Grandi imprese, mercato interno crollato, regge solo chi va all'estero

Anticipazione sulla Top 25 delle Classifiche 2013 di Aldo Norsa/Guamari: fatturato aggregato stabile, ma la redditività crolla (utile netto a -46% ed Ebitda a -20%) - Nasce il colosso Salini-Impregilo

Il mercato italiano, i grandi appalti e la nuova costruzione immobiliare, non sono più da anni in grado di reggere le grandi e medie imprese di costruzione. La sopravvivenza, e in alcuni casi la crescita. è alimentata quasi esclusivamente dai lavori all'estero.
La nuova conferma viene dall'anticipazione delle "Classifiche 2013" di Aldo Norsa-Guamari, riportate nel numero 31-32 di «Edilizia e Territorio» (il dossier completo uscirà a ottobre): per le prime 25 imprese per giro d'affari 2012, il fatturato resta fermo, e la quota estera sale dal 41 al 47%. E anche spulciando i nomi si scopre che dietro le crescite più rilevanti (tra queste Salini, Condotte, Rizzani) c'è quasi sempre l'estero.
Sull'Italia pesa anche il progressivo tramonto dell'era delle concessioni affidate senza gara alle grandi e medie imprese italiane prima delle direttive Ue, maxi-lavori come la Tav, le metrpolitane di Genova e Napoli, i lavori del Mose e di Venezia, tutte commesse esaurite o in via di esaurimento.
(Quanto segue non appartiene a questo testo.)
(* Let $a\neq 0$ be a real number. On the space of entire functions $f(\alpha)$ of one complex variable, define the linear operators $$N=\frac{e^{a\alpha}-1}{a}\,\frac{d}{d\alpha},\quad A_+=\alpha,\quad A_-=e^{a\alpha}\frac{d}{d\alpha},\quad B_+=\Big(\frac{1-e^{-a\alpha}}{a}\Big)^2,\quad B_-=e^{a\alpha}\frac{d^2}{d\alpha^2},\quad M=1,$$ where functions of $\alpha$ act by multiplication. Then these operators satisfy the commutation relations $[N,A_+]=\frac{e^{aA_+}-1}{a}$, $[N,A_-]=-A_-$, $[A_-,A_+]=Me^{aA_+}$, $[N,B_+]=2B_+$, $[N,B_-]=-2B_--aA_-N$, $[B_-,B_+]=2(1+e^{-aA_+})N+2M-2aA_-B_+$, $[A_+,B_-]=-(1+e^{aA_+})A_-+a\,e^{aA_+}MN$, $[A_+,B_+]=0$, $[A_-,B_+]=2\frac{1-e^{-aA_+}}{a}$, $[A_-,B_-]=-aA_-^2$, and $[M,X]=0$ for each of these operators $X$.
   Context: $[X,Y]=XY-YX$ denotes the commutator of operators, and $e^{cA_+}$ is the operator of multiplication by $e^{c\alpha}$. These relations are the commutation rules of the non-standard quantum two-photon algebra $U_{a}(h_6)$. *)

theory Defs
  imports "HOL-Analysis.Analysis"
begin

type_synonym cop = "(complex \<Rightarrow> complex) \<Rightarrow> (complex \<Rightarrow> complex)"

definition mulop :: "(complex \<Rightarrow> complex) \<Rightarrow> cop" where
  "mulop g f = (\<lambda>z. g z * f z)"

definition Dop :: cop where
  "Dop f = deriv f"

definition comm :: "cop \<Rightarrow> cop \<Rightarrow> cop" where
  "comm X Y f = (\<lambda>z. X (Y f) z - Y (X f) z)"

definition opN :: "real \<Rightarrow> cop" where
  "opN a f = mulop (\<lambda>z. (exp (of_real a * z) - 1) / of_real a) (Dop f)"

definition opAp :: cop where
  "opAp f = mulop (\<lambda>z. z) f"

definition opAm :: "real \<Rightarrow> cop" where
  "opAm a f = mulop (\<lambda>z. exp (of_real a * z)) (Dop f)"

definition opBp :: "real \<Rightarrow> cop" where
  "opBp a f = mulop (\<lambda>z. ((1 - exp (- (of_real a * z))) / of_real a)^2) f"

definition opBm :: "real \<Rightarrow> cop" where
  "opBm a f = mulop (\<lambda>z. exp (of_real a * z)) (Dop (Dop f))"

definition opM :: cop where
  "opM f = mulop (\<lambda>z. 1) f"

end

theory Submission
  imports Defs "HOL-Complex_Analysis.Complex_Analysis"
begin

(* Every operator is a multiplication operator h or of the form g D or g D^2, with D = d/dalpha and
   entire coefficients. By the Leibniz rule, commutators of such operators are again differential
   operators whose coefficients are built from g, h and their first two derivatives:
   [g D, h] = g h', [g D, h D] = (g h' - h g') D, [g D, h D^2] = (g h' - 2 h g') D^2 - h g'' D and
   [g D^2, h] = g h'' + 2 g h' D. Each relation then reduces to the derivatives of the coefficients
   exp(a alpha), (exp(a alpha) - 1)/a, ((1 - exp(-a alpha))/a)^2 and to the identity
   exp(a alpha) exp(-a alpha) = 1. *)

lemma entire_imp_field_differentiable:
  "f holomorphic_on UNIV \<Longrightarrow> f field_differentiable at z"
  by (rule holomorphic_on_imp_differentiable_at) auto

lemma entire_deriv: "f holomorphic_on UNIV \<Longrightarrow> deriv f holomorphic_on UNIV"
  by (rule holomorphic_deriv) auto

lemma deriv_mult_entire:
  assumes "g holomorphic_on UNIV" and "h holomorphic_on UNIV"
  shows "deriv (\<lambda>z. g z * h z) = (\<lambda>z. deriv g z * h z + g z * deriv h z)"
  using assms by (auto simp: entire_imp_field_differentiable)

lemma deriv2_mult_entire:
  assumes g: "g holomorphic_on UNIV" and h: "h holomorphic_on UNIV"
  shows "deriv (deriv (\<lambda>z. g z * h z)) =
    (\<lambda>z. deriv (deriv g) z * h z + 2 * deriv g z * deriv h z + g z * deriv (deriv h) z)"
proof -
  have "deriv (\<lambda>z. deriv g z * h z + g z * deriv h z) w =
    deriv (deriv g) w * h w + 2 * deriv g w * deriv h w + g w * deriv (deriv h) w" for w
    using g h by (simp add: entire_imp_field_differentiable entire_deriv field_differentiable_add
        field_differentiable_mult algebra_simps)
  then show ?thesis
    by (simp add: deriv_mult_entire[OF g h] fun_eq_iff)
qed

definition diffop1 :: "(complex \<Rightarrow> complex) \<Rightarrow> cop" where
  "diffop1 g f = mulop g (Dop f)"

definition diffop2 :: "(complex \<Rightarrow> complex) \<Rightarrow> cop" where
  "diffop2 g f = mulop g (Dop (Dop f))"

lemmas diffop_defs = diffop1_def diffop2_def mulop_def Dop_def

lemma mulop_apply: "mulop g f z = g z * f z"
  by (simp add: mulop_def)

lemma diffop1_apply: "diffop1 g f z = g z * deriv f z"
  by (simp add: diffop_defs)

lemma diffop2_apply: "diffop2 g f z = g z * deriv (deriv f) z"
  by (simp add: diffop_defs)

lemma comm_opM: "comm opM X f = (\<lambda>z. 0)"
  by (simp add: comm_def opM_def mulop_def)

lemma comm_swap: "comm X Y f = (\<lambda>z. - comm Y X f z)"
  by (simp add: comm_def)

lemma comm_mulop_mulop: "comm (mulop g) (mulop h) f = (\<lambda>z. 0)"
  by (simp add: comm_def mulop_def)

lemma deriv_mulop:
  assumes "f holomorphic_on UNIV" and "g holomorphic_on UNIV"
  shows "deriv (mulop g f) z = deriv g z * f z + g z * deriv f z"
  using assms by (simp add: mulop_def deriv_mult_entire)

lemma deriv_diffop1:
  assumes "f holomorphic_on UNIV" and "g holomorphic_on UNIV"
  shows "deriv (diffop1 g f) z = deriv g z * deriv f z + g z * deriv (deriv f) z"
  using assms by (simp add: diffop_defs deriv_mult_entire entire_deriv)

lemma comm_diffop1_mulop:
  assumes "f holomorphic_on UNIV" and "h holomorphic_on UNIV"
  shows "comm (diffop1 g) (mulop h) f = (\<lambda>z. g z * deriv h z * f z)"
  using assms by (simp add: comm_def diffop_defs deriv_mult_entire algebra_simps)

lemma comm_diffop2_mulop:
  assumes "f holomorphic_on UNIV" and "h holomorphic_on UNIV"
  shows "comm (diffop2 g) (mulop h) f =
    (\<lambda>z. g z * (deriv (deriv h) z * f z + 2 * deriv h z * deriv f z))"
  using assms by (simp add: comm_def diffop_defs deriv2_mult_entire entire_deriv algebra_simps)

lemma comm_diffop1_diffop1:
  assumes "f holomorphic_on UNIV" and "g holomorphic_on UNIV" and "h holomorphic_on UNIV"
  shows "comm (diffop1 g) (diffop1 h) f = (\<lambda>z. (g z * deriv h z - h z * deriv g z) * deriv f z)"
  using assms by (simp add: comm_def diffop_defs deriv_mult_entire entire_deriv algebra_simps)

lemma comm_diffop1_diffop2:
  assumes "f holomorphic_on UNIV" and "g holomorphic_on UNIV" and "h holomorphic_on UNIV"
  shows "comm (diffop1 g) (diffop2 h) f =
    (\<lambda>z. (g z * deriv h z - 2 * h z * deriv g z) * deriv (deriv f) z
      - h z * deriv (deriv g) z * deriv f z)"
  using assms by (simp add: comm_def diffop_defs deriv2_mult_entire entire_deriv)
    (simp add: deriv_mult_entire entire_deriv algebra_simps)

lemma deriv_deriv_eqI:
  assumes "\<And>z. deriv f z = g z" and "(g has_field_derivative g') (at w)"
  shows "deriv (deriv f) w = g'"
proof -
  have "deriv f = g"
    using assms(1) by (rule ext)
  with assms(2) show ?thesis
    by (simp add: DERIV_imp_deriv)
qed

(* Coefficient derivatives are stated pointwise, and second derivatives separately: the simplifier
   rewrites inner terms first, so a rule for deriv g as a function would destroy the redex
   deriv (deriv g) z. *)

lemma entire_exp_scaled: "(\<lambda>z. exp (c * z)) holomorphic_on UNIV"
  by (intro holomorphic_intros)

lemma deriv_exp_scaled: "deriv (\<lambda>z. exp (c * z)) w = c * exp (c * w)"
  by (rule DERIV_imp_deriv) (auto intro!: derivative_eq_intros)

lemma deriv2_exp_scaled: "deriv (deriv (\<lambda>z. exp (c * z))) w = c\<^sup>2 * exp (c * w)"
  by (rule deriv_deriv_eqI[OF deriv_exp_scaled])
    (auto intro!: derivative_eq_intros simp: power2_eq_square)

context
  fixes c :: complex
  assumes c: "c \<noteq> 0"
begin

lemma entire_expm1_scaled: "(\<lambda>z. (exp (c * z) - 1) / c) holomorphic_on UNIV"
  using c by (intro holomorphic_intros) auto

lemma deriv_expm1_scaled: "deriv (\<lambda>z. (exp (c * z) - 1) / c) w = exp (c * w)"
  using c by (intro DERIV_imp_deriv) (auto intro!: derivative_eq_intros)

lemma deriv2_expm1_scaled: "deriv (deriv (\<lambda>z. (exp (c * z) - 1) / c)) w = c * exp (c * w)"
  by (rule deriv_deriv_eqI[OF deriv_expm1_scaled]) (auto intro!: derivative_eq_intros)

lemma entire_opBp_coeff: "(\<lambda>z. ((1 - exp (- (c * z))) / c)\<^sup>2) holomorphic_on UNIV"
  using c by (intro holomorphic_intros) auto

lemma deriv_opBp_coeff:
  "deriv (\<lambda>z. ((1 - exp (- (c * z))) / c)\<^sup>2) w =
    2 * ((1 - exp (- (c * w))) / c) * exp (- (c * w))"
  using c by (intro DERIV_imp_deriv) (auto intro!: derivative_eq_intros)

lemma deriv2_opBp_coeff:
  "deriv (deriv (\<lambda>z. ((1 - exp (- (c * z))) / c)\<^sup>2)) w =
    4 * (exp (- (c * w)))\<^sup>2 - 2 * exp (- (c * w))"
  by (rule deriv_deriv_eqI[OF deriv_opBp_coeff])
    (use c in \<open>auto intro!: derivative_eq_intros simp: field_simps power2_eq_square\<close>)

end

lemma opN_eq_diffop1: "opN a = diffop1 (\<lambda>z. (exp (of_real a * z) - 1) / of_real a)"
  by (simp add: fun_eq_iff opN_def diffop1_def)

lemma opAm_eq_diffop1: "opAm a = diffop1 (\<lambda>z. exp (of_real a * z))"
  by (simp add: fun_eq_iff opAm_def diffop1_def)

lemma opBm_eq_diffop2: "opBm a = diffop2 (\<lambda>z. exp (of_real a * z))"
  by (simp add: fun_eq_iff opBm_def diffop2_def)

lemma opAp_eq_mulop: "opAp = mulop (\<lambda>z. z)"
  by (simp add: fun_eq_iff opAp_def)

lemma opBp_eq_mulop: "opBp a = mulop (\<lambda>z. ((1 - exp (- (of_real a * z))) / of_real a)\<^sup>2)"
  by (simp add: fun_eq_iff opBp_def)

lemma comm_opAp_opBp: "comm opAp (opBp a) f = (\<lambda>z. 0)"
  by (simp add: opAp_eq_mulop opBp_eq_mulop comm_mulop_mulop)

lemmas op_eqs = opN_eq_diffop1 opAm_eq_diffop1 opBm_eq_diffop2 opAp_eq_mulop opBp_eq_mulop

lemmas coeff_simps = entire_exp_scaled deriv_exp_scaled deriv2_exp_scaled
  entire_expm1_scaled deriv_expm1_scaled deriv2_expm1_scaled
  entire_opBp_coeff deriv_opBp_coeff deriv2_opBp_coeff

lemmas diffop_simps = mulop_apply diffop1_apply diffop2_apply deriv_mulop deriv_diffop1 entire_deriv

context
  fixes f :: "complex \<Rightarrow> complex"
  assumes f: "f holomorphic_on UNIV"
begin

lemma comm_opAm_opAp: "comm (opAm a) opAp f = (\<lambda>z. opM (\<lambda>w. exp (of_real a * w) * f w) z)"
  unfolding op_eqs using f by (simp add: comm_diffop1_mulop coeff_simps opM_def diffop_simps)

lemma comm_opAm_opBm: "comm (opAm a) (opBm a) f = (\<lambda>z. - of_real a * opAm a (opAm a f) z)"
  unfolding op_eqs using f
  by (simp add: comm_diffop1_diffop2 coeff_simps diffop_simps)
    (simp add: fun_eq_iff field_simps power2_eq_square)

context
  fixes a :: real
  assumes a: "a \<noteq> 0"
begin

lemma comm_opN_opAp: "comm (opN a) opAp f = (\<lambda>z. (exp (of_real a * z) - 1) / of_real a * f z)"
  unfolding op_eqs using a f by (simp add: comm_diffop1_mulop coeff_simps)

lemma comm_opN_opAm: "comm (opN a) (opAm a) f = (\<lambda>z. - opAm a f z)"
  unfolding op_eqs using a f
  by (simp add: comm_diffop1_diffop1 coeff_simps diffop_simps) (simp add: fun_eq_iff field_simps)

lemma comm_opN_opBp: "comm (opN a) (opBp a) f = (\<lambda>z. 2 * opBp a f z)"
  unfolding op_eqs using a f
  by (simp add: comm_diffop1_mulop coeff_simps diffop_simps)
    (simp add: fun_eq_iff field_simps exp_minus power2_eq_square)

lemma comm_opN_opBm:
  "comm (opN a) (opBm a) f = (\<lambda>z. - 2 * opBm a f z - of_real a * opAm a (opN a f) z)"
  unfolding op_eqs using a f
  by (simp add: comm_diffop1_diffop2 coeff_simps diffop_simps) (simp add: fun_eq_iff field_simps)

lemma comm_opBm_opBp:
  "comm (opBm a) (opBp a) f = (\<lambda>z. 2 * (1 + exp (- (of_real a * z))) * opN a f z
     + 2 * opM f z - 2 * of_real a * opAm a (opBp a f) z)"
  unfolding op_eqs using a f
  by (simp add: comm_diffop2_mulop coeff_simps opM_def diffop_simps)
    (simp add: fun_eq_iff field_simps exp_minus power2_eq_square)

lemma comm_opAp_opBm:
  "comm opAp (opBm a) f = (\<lambda>z. - (1 + exp (of_real a * z)) * opAm a f z
     + of_real a * exp (of_real a * z) * opM (opN a f) z)"
  unfolding op_eqs comm_swap[of "mulop _"] using a f
  by (simp add: comm_diffop2_mulop coeff_simps opM_def diffop_simps) (simp add: fun_eq_iff field_simps)

lemma comm_opAm_opBp:
  "comm (opAm a) (opBp a) f = (\<lambda>z. 2 * ((1 - exp (- (of_real a * z))) / of_real a) * f z)"
  unfolding op_eqs using a f
  by (simp add: comm_diffop1_mulop coeff_simps) (simp add: fun_eq_iff field_simps exp_minus)

end

end

theorem mainTheorem4:
  fixes a :: real
  assumes "a \<noteq> 0"
  shows "\<forall>f. f holomorphic_on UNIV \<longrightarrow>
   comm (opN a) opAp f = (\<lambda>z. (exp (of_real a * z) - 1) / of_real a * f z) \<and>
   comm (opN a) (opAm a) f = (\<lambda>z. - opAm a f z) \<and>
   comm (opAm a) opAp f = (\<lambda>z. opM (\<lambda>w. exp (of_real a * w) * f w) z) \<and>
   comm (opN a) (opBp a) f = (\<lambda>z. 2 * opBp a f z) \<and>
   comm (opN a) (opBm a) f = (\<lambda>z. - 2 * opBm a f z - of_real a * opAm a (opN a f) z) \<and>
   comm (opBm a) (opBp a) f = (\<lambda>z. 2 * (1 + exp (- (of_real a * z))) * opN a f z
        + 2 * opM f z - 2 * of_real a * opAm a (opBp a f) z) \<and>
   comm opAp (opBm a) f = (\<lambda>z. - (1 + exp (of_real a * z)) * opAm a f z
        + of_real a * exp (of_real a * z) * opM (opN a f) z) \<and>
   comm opAp (opBp a) f = (\<lambda>z. 0) \<and>
   comm (opAm a) (opBp a) f = (\<lambda>z. 2 * ((1 - exp (- (of_real a * z))) / of_real a) * f z) \<and>
   comm (opAm a) (opBm a) f = (\<lambda>z. - of_real a * opAm a (opAm a f) z) \<and>
   comm opM (opN a) f = (\<lambda>z. 0) \<and> comm opM opAp f = (\<lambda>z. 0) \<and>
   comm opM (opAm a) f = (\<lambda>z. 0) \<and> comm opM (opBp a) f = (\<lambda>z. 0) \<and>
   comm opM (opBm a) f = (\<lambda>z. 0) \<and> comm opM opM f = (\<lambda>z. 0)"
  using comm_opN_opAp[OF _ assms] comm_opN_opAm[OF _ assms] comm_opAm_opAp
    comm_opN_opBp[OF _ assms] comm_opN_opBm[OF _ assms] comm_opBm_opBp[OF _ assms]
    comm_opAp_opBm[OF _ assms] comm_opAp_opBp comm_opAm_opBp[OF _ assms] comm_opAm_opBm
    comm_opM
  by blast

end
Dalla lista della Top 25 escono per crisi conclamata Unieco, Coopsette, Impresa Spa e Bentini, dopo che l'anno scorso erano "saltate" Consorzio Etruria, Dec e Btp.
Quattro le imprese, in questa classifica di vertice, che hanno chiuso l'ultimo bilancio (2012) in perdita: Bonatti, Pavimental, Ics Grandi Lavori e Cooperativa di costruzioni. Ma per tutta la Top 25 la redditività è in crollo, con utile netto a -46% ed Ebitda a -20 per cento.